I know back in the snail-mail-sending days, this would be the time of year your mailbox would be full to the brim with odes of undying devotion from sun-worshippers. I know pagan rituals celebrate your arrival the same way 3rd-graders celebrate the end of school, the same way beer-at-2pm enthusiasts celebrate open-patio-season. And I’ve been trying to match their excitement for decades, but Summer, the truth is I’ve always pretty much hated you. Given that the humidity at the time I’m writing this has made my laptop crash 3 times in as many hours, I can only guess the feeling is mutual.

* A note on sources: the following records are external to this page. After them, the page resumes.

lemma binom_interp_stirling:
  fixes Nn :: nat and mu m :: real
  assumes mu: "0 < mu" "mu < 1" and m: "m \<ge> 1" "real Nn - m \<ge> 1"
  shows "\<exists>\<rho>. \<bar>\<rho>\<bar> \<le> 2 / real Nn + 2 / m + 2 / (real Nn - m) \<and>
     binom_interp Nn mu m =
       exp (- (m + 1/2) * ln (m / (real Nn * mu))
            - (real Nn - m + 1/2) * ln ((real Nn - m) / (real Nn * (1 - mu))) + \<rho>)
       / sqrt (2 * pi * (real Nn * mu * (1 - mu)))"
proof -
  define N where "N = real Nn"
  define n where "n = N - m"
  define q where "q = 1 - mu"
  define c where "c = ln (2 * pi) / 2"
  define r where "r z = ln (Gamma (z + 1)) - ((z + 1/2) * ln z - z + c)" for z
  define \<rho> where "\<rho> = r N - r n - r m"
  have pos: "N \<ge> 1" "n \<ge> 1" "q > 0" using m mu by (simp_all add: N_def n_def q_def)
  have r_le: "\<bar>r z\<bar> \<le> 2 / z" if "z \<ge> 1" for z
    unfolding r_def c_def using ln_Gamma_stirling_bound[OF that] .
  have rho_le: "\<bar>\<rho>\<bar> \<le> 2 / N + 2 / n + 2 / m"
    using r_le[of N] r_le[of n] r_le[of m] pos m unfolding \<rho>_def by linarith
  have Gamma_pos: "Gamma (N + 1) > 0" "Gamma (n + 1) > 0" "Gamma (m + 1) > 0"
    using pos m by auto
  have b_pos: "binom_interp Nn mu m > 0"
    unfolding binom_interp_def N_def[symmetric] n_def[symmetric] q_def[symmetric]
    using Gamma_pos mu pos by simp
  have "ln (binom_interp Nn mu m)
      = ln (Gamma (N + 1)) - ln (Gamma (n + 1)) - ln (Gamma (m + 1)) + m * ln mu + n * ln q"
    unfolding binom_interp_def N_def[symmetric] n_def[symmetric] q_def[symmetric]
    using Gamma_pos mu pos by (simp add: ln_mult_pos ln_div less_imp_neq[symmetric])
  also have "\<dots> = - (m + 1/2) * ln (m / (N * mu)) - (n + 1/2) * ln (n / (N * q)) + \<rho>
                   - ln (sqrt (2 * pi * (N * mu * q)))"
    using pos m mu
    by (simp add: r_def \<rho>_def c_def n_def ln_div ln_mult ln_sqrt algebra_simps add_divide_distrib)
  finally have "exp (ln (binom_interp Nn mu m))
      = exp (- (m + 1/2) * ln (m / (N * mu)) - (n + 1/2) * ln (n / (N * q)) + \<rho>
             - ln (sqrt (2 * pi * (N * mu * q))))"
    by simp
  moreover have "sqrt (2 * pi * (N * mu * q)) > 0" using pos mu by simp
  ultimately have "binom_interp Nn mu m
      = exp (- (m + 1/2) * ln (m / (N * mu)) - (n + 1/2) * ln (n / (N * q)) + \<rho>)
        / sqrt (2 * pi * (N * mu * q))"
    using b_pos by (simp add: exp_diff)
  with rho_le show ?thesis unfolding N_def n_def q_def by (intro exI[of _ \<rho>]) auto
qed

text \<open>The assumptions hold
  for all large \<sigma> under the hypotheses of the corollary (binomial_scaling_of_large).\<close>

locale binomial_scaling =
  fixes s mu :: real and Nn :: nat
  assumes s_ge_4: "s \<ge> 4"
    and mu_pos: "0 < mu" and mu_less_1: "mu < 1"
    and variance_eq: "s\<^sup>2 = real Nn * mu * (1 - mu)"
    and mean_near: "\<bar>real Nn * mu - s\<^sup>2 - 1\<bar> \<le> 1/4"
begin

definition E :: real where "E = real Nn * mu"
definition F :: real where "F = real Nn - real Nn * mu"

I realize you’ve got a lot more people on your side than I do. Such an opinion makes for lonely times. Saying I don’t like summer is like saying I don’t like candy or Paul Rudd or manatees. And really, Summer, it’s not you, it’s me. Your beginning does, after all, fall on the day before my birthday, aka personal-New-Year’s-Eve, and you seem bound and determined to remind me of things I usually ignore.
You remind me of how pale I actually am. No matter how much sunscreen I attempt to evenly apply to any and all exposed areas, I always miss a small spot and get burned. This is after years of missing big spots and getting such intense sunstroke that I hallucinated. One day I’ll figure out the perfect algorithm for sunscreen distribution and make my millions when I sell it to Coppertone.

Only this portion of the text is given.